▸ DIRECTIONS FOR THIS TASK: Return exactly the lines below, starting with the one that has "using net_flux_le_S by" and going on through the one that has "a b \<Longrightarrow>".

(Saved entries)
◆ ◆ ◆ ◆ ◆
lemma conformal_split:
  assumes T: "T = {p, q, r}" "distinct [p, q, r]" "T \<subseteq> V"
    and w: "\<forall>x\<in>V - T. divergence w x = 0" "divergence w q = - \<alpha>" "divergence w r = - \<beta>"
    and "0 \<le> \<alpha>" "0 \<le> \<beta>"
  shows "\<exists>w1. (\<forall>e\<in>E. \<bar>w1 e\<bar> + \<bar>w e - w1 e\<bar> = \<bar>w e\<bar>) \<and>
    (\<forall>x\<in>V - {p, q}. divergence w1 x = 0) \<and> divergence w1 p = \<alpha> \<and> divergence w1 q = - \<alpha> \<and>
    (\<forall>x\<in>V - {p, r}. divergence (\<lambda>e. w e - w1 e) x = 0) \<and>
    divergence (\<lambda>e. w e - w1 e) p = \<beta> \<and> divergence (\<lambda>e. w e - w1 e) r = - \<beta>"
proof -
  have w_p: "divergence w p = \<alpha> + \<beta>"
    using divergence_sum_boundary[OF T(3) w(1)] w(2,3) T(1,2) by simp
  obtain z where z: "bounded_flow (\<lambda>e. min 0 (w e)) (\<lambda>e. max 0 (w e)) {p, q} z"
    and z_p: "\<alpha> \<le> divergence z p"
    using conformal_subflow_exists[OF T(1,2) w(1)] w_p w(3) \<open>0 \<le> \<beta>\<close> by fastforce
  have z_q: "divergence z q = - divergence z p"
    using divergence_sum_boundary[of "{p, q}" z] z T unfolding bounded_flow_def by auto
  \<comment> \<open>If the divergence of z at p vanishes then so does \<alpha>, and t = \<alpha> / 0 = 0 still works.\<close>
  define t where "t = \<alpha> / divergence z p"
  have t: "0 \<le> t" "t \<le> 1" "t * divergence z p = \<alpha>"
    using z_p \<open>0 \<le> \<alpha>\<close> unfolding t_def by (auto simp: divide_le_eq_1)
  have w1: "\<forall>x\<in>V - {p, q}. divergence (\<lambda>e. t * z e) x = 0"
    using z unfolding bounded_flow_def by (simp add: divergence_scale)
  moreover have "\<forall>e\<in>E. \<bar>t * z e\<bar> + \<bar>w e - t * z e\<bar> = \<bar>w e\<bar>"
    using z t abs_scaled_part_add_abs_rest unfolding bounded_flow_def by auto
  moreover have "\<forall>x\<in>V - {p, r}. divergence (\<lambda>e. w e - t * z e) x = 0"
    using w(1,2) w1 t z_q T by (auto simp: divergence_diff divergence_scale)
  moreover have "divergence (\<lambda>e. t * z e) r = 0"
    using w1 T by auto
  ultimately show ?thesis
    using t z_q w_p w(3) by (intro exI[of _ "\<lambda>e. t * z e"]) (simp add: divergence_diff divergence_scale)
qed

lemma S_superadditive:
  assumes "\<forall>e\<in>E. 0 \<le> k1 e" "\<forall>e\<in>E. 0 \<le> k2 e" "\<forall>e\<in>E. k1 e + k2 e \<le> c e"
  shows "S k1 T Y + S k2 T Y \<le> S c T Y"
proof -
  obtain v1 where v1: "flow k1 T v1" "\<forall>v. flow k1 T v \<longrightarrow> net_flux Y v \<le> net_flux Y v1"
    using S_maximizer_exists[OF assms(1)] by blast
  obtain v2 where v2: "flow k2 T v2" "\<forall>v. flow k2 T v \<longrightarrow> net_flux Y v \<le> net_flux Y v2"
    using S_maximizer_exists[OF assms(2)] by blast
  have "flow c T (\<lambda>e. v1 e + v2 e)"
  proof (rule flowI)
    show "\<forall>e\<in>E. \<bar>v1 e + v2 e\<bar> \<le> c e"
      using flow_abs_le[OF v1(1)] flow_abs_le[OF v2(1)] assms(3) by (smt (verit, best))
    show "\<forall>x\<in>V - T. divergence (\<lambda>e. v1 e + v2 e) x = 0"
      using flow_divergence_zero[OF v1(1)] flow_divergence_zero[OF v2(1)] by (simp add: divergence_add)
  qed
  moreover have "\<forall>e\<in>E. 0 \<le> c e"
    using assms by force
  ultimately have "net_flux Y v1 + net_flux Y v2 \<le> S c T Y"
    using net_flux_le_S by (metis net_flux_add)
  then show ?thesis
    using S_eq_maximum v1 v2 by simp
qed

lemma pos_connected_imp_residual_path:
  assumes "pos_connected E src tgt k x y"
  shows "(residual (\<lambda>e. - k e) k (\<lambda>_. 0))\<^sup>*\<^sup>* x y"
proof -
  have "pos_adj E src tgt k a b \<Longrightarrow> residual (\<lambda>e. - k e) k (\<lambda>_. 0) a b" for a b
    unfolding pos_adj_def residual_def by auto
  then show ?thesis
    using assms unfolding pos_connected_def by (metis mono_rtranclp)
qed

lemma pos_connected_sym: "pos_connected E src tgt k x y \<Longrightarrow> pos_connected E src tgt k y x"
  unfolding pos_connected_def
  by (rule sympD[OF symp_rtranclp]) (auto simp: symp_def pos_adj_def)

lemma S_zero_imp_not_pos_connected:
  assumes k: "\<forall>e\<in>E. 0 \<le> k e" and xy: "x \<in> T" "y \<in> T" "x \<noteq> y" and S_x: "S k T {x} = 0"
  shows "\<not> pos_connected E src tgt k x y"
proof
  assume "pos_connected E src tgt k x y"
  then obtain \<epsilon> g where "\<epsilon> > 0" "flow k T g"
    "\<forall>z. divergence g z = divergence (\<lambda>_. 0) z + \<epsilon> * (of_bool (z = x) - of_bool (z = y))"
    using residual_path_augment[OF flow_zero[OF k, unfolded is_flow_iff_bounded_flow] xy(1,2)
        pos_connected_imp_residual_path]
    unfolding is_flow_iff_bounded_flow by blast
  moreover have "net_flux {x} g \<le> S k T {x}"
    using net_flux_le_S[OF k \<open>flow k T g\<close>] .
  ultimately show False
    using S_x xy(3) by (simp add: net_flux_singleton divergence_zero)
qed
◆ ◆ ◆ ◆ ◆
▸ YOUR RESPONSE:
    using net_flux_le_S by (metis net_flux_add)
  then show ?thesis
    using S_eq_maximum v1 v2 by simp
qed

lemma pos_connected_imp_residual_path:
  assumes "pos_connected E src tgt k x y"
  shows "(residual (\<lambda>e. - k e) k (\<lambda>_. 0))\<^sup>*\<^sup>* x y"
proof -
  have "pos_adj E src tgt k a b \<Longrightarrow> residual (\<lambda>e. - k e) k (\<lambda>_. 0) a b" for a b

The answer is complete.